EXTRACTED DATA:
lemma Du_single: "Du (Poly_Mapping.single s p) = Poly_Mapping.single (s - 1) (pC (of_int s) * p)"
  unfolding Du_def by (rule sum_terms_single) simp

lemma Dcoeff_mult: "Dcoeff (L * M) = Dcoeff L * M + L * Dcoeff M"
  by (rule derivation_from_singles) (auto simp: Dcoeff_add Dcoeff_single mult_single Dp_mult single_add)

lemma Du_mult: "Du (L * M) = Du L * M + L * Du M"
  by (rule derivation_from_singles)
     (simp_all add: Du_add Du_single mult_single single_add[symmetric] pC_add algebra_simps)

lemma Dcoeff_0 [simp]: "Dcoeff 0 = 0"
  by (simp add: Dcoeff_def)

lemma Du_0 [simp]: "Du 0 = 0"
  by (simp add: Du_def)

lemma Dcoeff_sum: "Dcoeff (sum f S) = (\<Sum>x\<in>S. Dcoeff (f x))"
  by (induction S rule: infinite_finite_induct) (auto simp: Dcoeff_add)

lemma Du_sum: "Du (sum f S) = (\<Sum>x\<in>S. Du (f x))"
  by (induction S rule: infinite_finite_induct) (auto simp: Du_add)

lemma lookup_Dcoeff: "Poly_Mapping.lookup (Dcoeff L) s = Dp (Poly_Mapping.lookup L s)"
  by (rule additive_eqI[where F = "\<lambda>L. Poly_Mapping.lookup (Dcoeff L) s"])
     (auto simp: Dcoeff_add lookup_add Dp_add Dcoeff_single lookup_single when_def)

lemma lookup_Du: "Poly_Mapping.lookup (Du L) s = pC (of_int (s + 1)) * Poly_Mapping.lookup L (s + 1)"
  by (rule additive_eqI[where F = "\<lambda>L. Poly_Mapping.lookup (Du L) s"])
     (auto simp: Du_add lookup_add distrib_left Du_single lookup_single when_def)

lemma Dw_add: "Dw (L + M) = Dw L + Dw M"
  by (simp add: Dw_def Dcoeff_add Du_add)

lemma Dw_diff: "Dw (L - M) = Dw L - Dw M"
  using Dw_add[of "L - M" M] by simp

lemma Dw_mult: "Dw (L * M) = Dw L * M + L * Dw M"
  by (simp add: Dw_def Dcoeff_mult Du_mult algebra_simps)

lemma Dw_0 [simp]: "Dw 0 = 0"
  by (simp add: Dw_def)

lemma Dw_sum: "Dw (sum f S) = (\<Sum>x\<in>S. Dw (f x))"
  by (induction S rule: infinite_finite_induct) (auto simp: Dw_add)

TRY IT:
Everything from the line containing "pC (of_int (s" through the last line above should be copied exactly, please, with nothing added.

EXERCISE RESULT:
lemma lookup_Du: "Poly_Mapping.lookup (Du L) s = pC (of_int (s + 1)) * Poly_Mapping.lookup L (s + 1)"
  by (rule additive_eqI[where F = "\<lambda>L. Poly_Mapping.lookup (Du L) s"])
     (auto simp: Du_add lookup_add distrib_left Du_single lookup_single when_def)

lemma Dw_add: "Dw (L + M) = Dw L + Dw M"
  by (simp add: Dw_def Dcoeff_add Du_add)

lemma Dw_diff: "Dw (L - M) = Dw L - Dw M"
  using Dw_add[of "L - M" M] by simp

lemma Dw_mult: "Dw (L * M) = Dw L * M + L * Dw M"
  by (simp add: Dw_def Dcoeff_mult Du_mult algebra_simps)

lemma Dw_0 [simp]: "Dw 0 = 0"
  by (simp add: Dw_def)

lemma Dw_sum: "Dw (sum f S) = (\<Sum>x\<in>S. Dw (f x))"
  by (induction S rule: infinite_finite_induct) (auto simp: Dw_add)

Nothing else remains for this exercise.